Identification of Resistant Genotypes and Integrated Management of Dry Root Rot of Chickpea

Dry root rot caused by Rhizoctonia bataticola is an important disease of chickpea causing significant yield losses. The farmers are facing the problem of disease in all states that grow the crop and it is particularly more in Karnataka. The recent reports indicated that dry root rot is an emerging as a potential threat to chickpea productivity and production (Ghosh et al., 2013).
       
The dependence on chemical control or any other single control method is not advisable to manage dry root rot. Although, growing of resistant cultivars for the management of disease is a cost effective, sustainable and ideally fit into integrated disease management, identification of sources of resistance against soil borne diseases is not easy and requires artificial epiphytotic conditions or sick plots as the pathogen, is a soil and seed borne and survives in the form of sclerotia for many years.
       
Since the disease is a major hindrance to chickpea production Karnataka, it was felt necessary to identify the sources of resistance and develop eco-friendly integrated disease management strategy to manage the emerging and destructive dry root rot of chickpea. Hence, the present studies aimed at identification of sources for resistance and integrated management of emerging dry root rot of disease of chickpea.

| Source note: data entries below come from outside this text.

definition minimal_presentation ::
  "('n::finite cmat \<Rightarrow> 'n cmat) \<Rightarrow> ('n cmat \<Rightarrow> 'n cmat) \<Rightarrow> 'n cmat \<Rightarrow> 'n cmat \<Rightarrow> bool" where
  "minimal_presentation L \<Psi> G H \<longleftrightarrow>
     clinear_sop \<Psi> \<and> completely_positive \<Psi> \<and> hermitian G \<and> hermitian H \<and> trace H = 0 \<and>
     supported_trace_zero (jamiolkowski \<Psi>) \<and>
     (\<forall>\<rho>. L \<rho> = \<Psi> \<rho> - (G ** \<rho> + \<rho> ** G) - cscale \<i> (H ** \<rho> - \<rho> ** H))"

end

theory Submission
  imports Defs
begin

text \<open>If \<open>e\<^sup>t\<^sup>L\<close> is completely positive for all real \<open>t\<close>, then for every vector \<open>w\<close> the Choi form
  \<open>\<langle>w, C(e\<^sup>t\<^sup>L) w\<rangle>\<close> is a nonnegative real function of \<open>t\<close> that equals \<open>|\<langle>\<omega>, w\<rangle>|\<^sup>2\<close> at
  \<open>t = 0\<close>, where \<open>\<omega>\<close> is the maximally entangled vector. Differentiating at \<open>t = 0\<close> shows
  that the Choi form of \<open>L\<close> is hermitian and vanishes on \<open>\<omega>\<^sup>\<bottom>\<close>, which means
  \<open>L \<rho> = K \<rho> + \<rho> K\<^sup>*\<close>. In a minimal presentation the completely positive part \<open>\<Psi>\<close> is
  then itself of the form \<open>\<rho> \<mapsto> A \<rho> + \<rho> B\<close>, and the trace conditions on its
  Jamiolkowski transform force \<open>\<Psi> = 0\<close>. If \<open>e\<^sup>t\<^sup>L\<close> is moreover trace non-increasing
  for all real \<open>t\<close>, then \<open>tr (e\<^sup>t\<^sup>L \<rho>)\<close> is maximal at \<open>t = 0\<close>, so \<open>tr (G \<rho>) = 0\<close> for all
  \<open>\<rho> \<ge> 0\<close>, i.e. \<open>G = 0\<close>; finally the exponential of \<open>\<rho> \<mapsto> -\<i>(H \<rho> - \<rho> H)\<close> factors
  into those of the commuting left and right multiplications.\<close>

section \<open>Superoperators as a Banach algebra\<close>

text \<open>Bounded linear maps on matrices get a type of their own because the library has no
  algebra instance for \<open>'a \<Rightarrow>\<^sub>L 'a\<close>. In the resulting Banach algebra \<open>sop_exp t L\<close> is
  \<open>exp (t L)\<close>, whose derivative is available.\<close>

typedef (overloaded) ('n::finite) superop = "UNIV :: ('n cmat \<Rightarrow>\<^sub>L 'n cmat) set"
  morphisms superop_blinfun Superop
  by simp

setup_lifting type_definition_superop

lemma blinfun_zero_neq_id: "(0::'n::finite cmat \<Rightarrow>\<^sub>L 'n cmat) \<noteq> id_blinfun"
proof
  assume zero_eq_id: "(0::'n cmat \<Rightarrow>\<^sub>L 'n cmat) = id_blinfun"
  have "blinfun_apply (0::'n cmat \<Rightarrow>\<^sub>L 'n cmat) (mat 1) = mat 1"
    by (subst zero_eq_id) simp
  then have "(mat 1 :: 'n cmat) $ undefined $ undefined = 0"
    by simp
  then show False
    by (simp add: mat_def)
qed

instantiation superop :: (finite) real_normed_algebra_1
begin

lift_definition zero_superop :: "'a superop" is 0 .
lift_definition one_superop :: "'a superop" is id_blinfun .
lift_definition plus_superop :: "'a superop \<Rightarrow> 'a superop \<Rightarrow> 'a superop" is "(+)" .
lift_definition minus_superop :: "'a superop \<Rightarrow> 'a superop \<Rightarrow> 'a superop" is "(-)" .
lift_definition uminus_superop :: "'a superop \<Rightarrow> 'a superop" is uminus .
lift_definition times_superop :: "'a superop \<Rightarrow> 'a superop \<Rightarrow> 'a superop" is "(o\<^sub>L)" .
lift_definition scaleR_superop :: "real \<Rightarrow> 'a superop \<Rightarrow> 'a superop" is scaleR .
lift_definition norm_superop :: "'a superop \<Rightarrow> real" is norm .

definition dist_superop :: "'a superop \<Rightarrow> 'a superop \<Rightarrow> real"
  where "dist_superop a b = norm (a - b)"

definition sgn_superop :: "'a superop \<Rightarrow> 'a superop"
  where "sgn_superop x = inverse (norm x) *\<^sub>R x"

definition uniformity_superop :: "('a superop \<times> 'a superop) filter"
  where "uniformity_superop = (INF e\<in>{0 <..}. principal {(x, y). dist x y < e})"

definition open_superop :: "'a superop set \<Rightarrow> bool"
  where "open_superop S = (\<forall>x\<in>S. \<forall>\<^sub>F (x', y) in uniformity. x' = x \<longrightarrow> y \<in> S)"

instance
proof
  fix a b c :: "'a superop" and r s :: real
  show "a + b + c = a + (b + c)" by transfer (simp add: algebra_simps)
  show "a + b = b + a" by transfer (simp add: algebra_simps)
  show "0 + a = a" by transfer simp
  show "- a + a = 0" by transfer simp
  show "a - b = a + - b" by transfer simp
  show "r *\<^sub>R (a + b) = r *\<^sub>R a + r *\<^sub>R b" by transfer (simp add: algebra_simps)
  show "(r + s) *\<^sub>R a = r *\<^sub>R a + s *\<^sub>R a" by transfer (simp add: algebra_simps)
  show "r *\<^sub>R s *\<^sub>R a = (r * s) *\<^sub>R a" by transfer simp
  show "1 *\<^sub>R a = a" by transfer simp
  show "dist a b = norm (a - b)" by (simp add: dist_superop_def)
  show "sgn a = inverse (norm a) *\<^sub>R a" by (simp add: sgn_superop_def)
  show "(uniformity :: ('a superop \<times> 'a superop) filter) =
      (INF e\<in>{0 <..}. principal {(x, y). dist x y < e})"
    by (simp add: uniformity_superop_def)
  show "\<And>U::'a superop set. open U = (\<forall>x\<in>U. \<forall>\<^sub>F (x', y) in uniformity. x' = x \<longrightarrow> y \<in> U)"
    by (simp add: open_superop_def)
  show "(norm a = 0) = (a = 0)" by transfer simp
  show "norm (a + b) \<le> norm a + norm b" by transfer (rule norm_triangle_ineq)
  show "norm (r *\<^sub>R a) = \<bar>r\<bar> * norm a" by transfer simp
  show "a * b * c = a * (b * c)" by transfer (auto intro!: blinfun_eqI)
  show "1 * a = a" by transfer (auto intro!: blinfun_eqI)
  show "a * 1 = a" by transfer (auto intro!: blinfun_eqI)
  show "(a + b) * c = a * c + b * c"
    by transfer (auto intro!: blinfun_eqI simp: blinfun.bilinear_simps)
  show "a * (b + c) = a * b + a * c"
    by transfer (auto intro!: blinfun_eqI simp: blinfun.bilinear_simps)
  show "(0::'a superop) \<noteq> 1" by transfer (rule blinfun_zero_neq_id)
  show "r *\<^sub>R a * b = r *\<^sub>R (a * b)"
    by transfer (auto intro!: blinfun_eqI simp: blinfun.bilinear_simps)
  show "a * r *\<^sub>R b = r *\<^sub>R (a * b)"
    by transfer (auto intro!: blinfun_eqI simp: blinfun.bilinear_simps)
  show "norm (1::'a superop) = 1" by transfer (rule norm_blinfun_id)
  show "norm (a * b) \<le> norm a * norm b" by transfer (rule norm_blinfun_compose)
qed

end

lemma dist_superop_blinfun: "dist a b = dist (superop_blinfun a) (superop_blinfun b)"
  unfolding dist_norm by transfer simp

instance superop :: (finite) banach
proof
  fix X :: "nat \<Rightarrow> 'a superop"
  assume "Cauchy X"
  then have "Cauchy (\<lambda>n. superop_blinfun (X n))"
    unfolding Cauchy_def dist_superop_blinfun .
  then obtain l where "(\<lambda>n. superop_blinfun (X n)) \<longlonglongrightarrow> l"
    using Cauchy_convergent_iff convergent_def by blast
  then have "X \<longlonglongrightarrow> Superop l"
    unfolding lim_sequentially dist_superop_blinfun by (simp add: Superop_inverse)
  then show "convergent X"
    by (auto simp: convergent_def)
qed

definition superop_apply :: "'n::finite superop \<Rightarrow> 'n cmat \<Rightarrow> 'n cmat"
  where "superop_apply M = blinfun_apply (superop_blinfun M)"

definition superop_of :: "('n::finite cmat \<Rightarrow> 'n cmat) \<Rightarrow> 'n superop"
  where "superop_of L = Superop (Blinfun L)"

lemma superop_apply_times: "superop_apply (M * N) X = superop_apply M (superop_apply N X)"
  unfolding superop_apply_def by transfer simp

lemma superop_apply_one: "superop_apply 1 = (\<lambda>X. X)"
  unfolding superop_apply_def by transfer simp

lemma superop_apply_add: "superop_apply (M + N) X = superop_apply M X + superop_apply N X"
  unfolding superop_apply_def by transfer (simp add: blinfun.bilinear_simps)

lemma superop_apply_scaleR: "superop_apply (r *\<^sub>R M) X = r *\<^sub>R superop_apply M X"
  unfolding superop_apply_def by transfer (simp add: blinfun.bilinear_simps)

lemma superop_apply_power: "superop_apply (M ^ k) = superop_apply M ^^ k"
  by (induction k) (simp_all add: superop_apply_one superop_apply_times fun_eq_iff)

lemma superop_apply_superop_of: "bounded_linear L \<Longrightarrow> superop_apply (superop_of L) = L"
  unfolding superop_apply_def superop_of_def
  by (simp add: Superop_inverse bounded_linear_Blinfun_apply)

lemma superop_eqI: "(\<And>X. superop_apply M X = superop_apply N X) \<Longrightarrow> M = N"
  unfolding superop_apply_def by (metis blinfun_eqI superop_blinfun_inject)

lemma bounded_linear_superop_apply:
  fixes X :: "'n::finite cmat"
  shows "bounded_linear (\<lambda>M. superop_apply M X)"
proof -
  have "bounded_linear (\<lambda>A::'n cmat \<Rightarrow>\<^sub>L 'n cmat. blinfun_apply A X)"
    by simp
  moreover have "bounded_linear (superop_blinfun :: 'n superop \<Rightarrow> _)"
    by (rule bounded_linear_intro[where K = 1]) (transfer, simp)+
  ultimately show ?thesis
    unfolding superop_apply_def by (rule bounded_linear_compose)
qed

lemma bounded_linear_superop_entry: "bounded_linear (\<lambda>M. superop_apply M X $ i $ j)"
  by (intro bounded_linear_compose[OF bounded_linear_vec_nth] bounded_linear_superop_apply)

lemma superop_exp_term:
  assumes "bounded_linear L"
  shows "superop_apply ((t *\<^sub>R superop_of L) ^ k /\<^sub>R fact k) X = (t ^ k / fact k) *\<^sub>R (L ^^ k) X"
  by (simp add: superop_apply_scaleR superop_apply_power superop_apply_superop_of[OF assms]
      scaleR_power divide_inverse mult.commute)

lemma summable_sop_exp:
  fixes L :: "'n::finite cmat \<Rightarrow> 'n cmat"
  assumes "bounded_linear L"
  shows "summable (\<lambda>k. (t ^ k / fact k) *\<^sub>R (L ^^ k) X)"
proof -
  have "summable (\<lambda>k. superop_apply ((t *\<^sub>R superop_of L) ^ k /\<^sub>R fact k) X)"
    by (rule bounded_linear.summable[OF bounded_linear_superop_apply summable_exp_generic])
  then show ?thesis
    unfolding superop_exp_term[OF assms] .
qed

lemma sop_exp_eq_superop_exp:
  assumes "bounded_linear L"
  shows "sop_exp t L = superop_apply (exp (t *\<^sub>R superop_of L))"
proof
  fix X
  have "superop_apply (exp (t *\<^sub>R superop_of L)) X =
      (\<Sum>k. superop_apply ((t *\<^sub>R superop_of L) ^ k /\<^sub>R fact k) X)"
    unfolding exp_def
    by (rule bounded_linear.suminf[OF bounded_linear_superop_apply summable_exp_generic])
  also have "\<dots> = sop_exp t L X"
    by (simp only: sop_exp_def superop_exp_term[OF assms])
  finally show "sop_exp t L X = superop_apply (exp (t *\<^sub>R superop_of L)) X"
    by (rule sym)
qed

lemma exp_scaleR_minimum_imp_zero:
  fixes A :: "'a::{real_normed_algebra_1,banach}" and \<phi> :: "'a \<Rightarrow> real"
  assumes \<phi>: "bounded_linear \<phi>" and min: "\<And>t. \<phi> 1 \<le> \<phi> (exp (t *\<^sub>R A))"
  shows "\<phi> A = 0"
proof -
  have "((\<lambda>t. exp (t *\<^sub>R A)) has_vector_derivative exp (0 *\<^sub>R A) * A) (at 0)"
    by (rule exp_scaleR_has_vector_derivative_right)
  then have "((\<lambda>t. \<phi> (exp (t *\<^sub>R A))) has_vector_derivative \<phi> A) (at 0)"
    using bounded_linear.has_vector_derivative[OF \<phi>] by simp
  then have "((\<lambda>t. \<phi> (exp (t *\<^sub>R A))) has_real_derivative \<phi> A) (at 0)"
    by (simp add: has_real_derivative_iff_has_vector_derivative)
  moreover have "\<forall>y. \<bar>0 - y\<bar> < 1 \<longrightarrow> \<phi> (exp (0 *\<^sub>R A)) \<le> \<phi> (exp (y *\<^sub>R A))"
    using min by simp
  ultimately show ?thesis
    by (rule DERIV_local_min[OF _ zero_less_one])
qed

lemma sop_exp_minimum_imp_zero:
  fixes \<phi> :: "('n::finite cmat \<Rightarrow> 'n cmat) \<Rightarrow> real"
  assumes L: "bounded_linear L" and \<phi>: "bounded_linear (\<lambda>M. \<phi> (superop_apply M))"
    and min: "\<And>t. \<phi> (\<lambda>X. X) \<le> \<phi> (sop_exp t L)"
  shows "\<phi> L = 0"
proof -
  have "\<And>t. \<phi> (superop_apply 1) \<le> \<phi> (superop_apply (exp (t *\<^sub>R superop_of L)))"
    using min by (simp add: superop_apply_one sop_exp_eq_superop_exp[OF L])
  then have "\<phi> (superop_apply (superop_of L)) = 0"
    by (rule exp_scaleR_minimum_imp_zero[OF \<phi>])
  then show ?thesis
    by (simp add: superop_apply_superop_of[OF L])
qed

lemma cmat_eqI: "(\<And>i j. A $ i $ j = B $ i $ j) \<Longrightarrow> A = (B :: 'a^'n^'m)"
  by (simp add: vec_eq_iff)

lemma scaleR_eq_cscale: "r *\<^sub>R (X::'n::finite cmat) = cscale (of_real r) X"
proof (rule cmat_eqI)
  fix i j
  show "(r *\<^sub>R X) $ i $ j = cscale (of_real r) X $ i $ j"
    unfolding cscale_def vector_scaleR_component by (simp add: scaleR_conv_of_real)
qed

Isolation and purification of R. bataticola
 
Chickpea plants showing typical dry root rot symptoms were transferred to sterilized potato dextrose agar (PDA) medium in Petri dishes and incubated at 25±2°C to obtain mycelial growth. The pathogen was purified by hyphal tip technique.
 
Molecular detection of R. bataticola
 
The pathogen was detected molecularly using ITS-1 (5' CCTGTGCACCTGTGAGACAG-3') and ITS-4 (5'-TGTCC AAGTCAATGGACTAT-3') as reverse primer. For this, standard protocols were used for the isolation of DNA according to Liu et al., (2000) and  amplified products was sent for sequencing and identification of species to Eurofins, Bangalore.
 
Identification of dry root rot resistant sources of chickpea
 
Preliminary disease screening
 
One hundred germplasm lines chickpea germplasm entries obtained from  Indian Institute for pulses Research, Kanpur) were screened in ‘sick plot’ at Agricultural Research Station, Kalaburgi, Karnataka during rabi-2019 and rabi-2020. The crop was raised as per the recommended package of practices except the plant protection measures against dry root rot and observations were recorded. Disease incidence (%) was calculated using the following formula and genotypes were categorized (Khan et al., 2013) for their reaction (Table 1).
   
Advanced screening of promising entries by phenotyping technique
 
Nineteen promising (Resistant and moderately resistant) germplasm lines (Table 2) which were resistant/moderately resistant in preliminary disease screening were f further subjected for advanced screening using phenotyping technique during rabi-2021 (Bera et al., 2016). For this, nineteen germplasm lines were sown in block with 2 meter width bed with spacing of 0.5   meter between beds with spacing of 30 × 10 cm.


 
Integrated management of the disease
 
Field experiments were  conducted in randomized block design (RBD) during rabi-2019-20 and rabi-2020-21 at Agricultural Research Station, Kalaburgi, Karnataka by following recommended agronomical practices with highly susceptible variety Annigeri-1 with eight treatment combinations of bio-agents replicated thrice with plot size of 5 × 3 m² in sick pot along with untreated control plot. The observations on per cent disease, seed yield and test weight were recorded and benefit cost (B: C) ratio was also calculated as per standard methodologies. 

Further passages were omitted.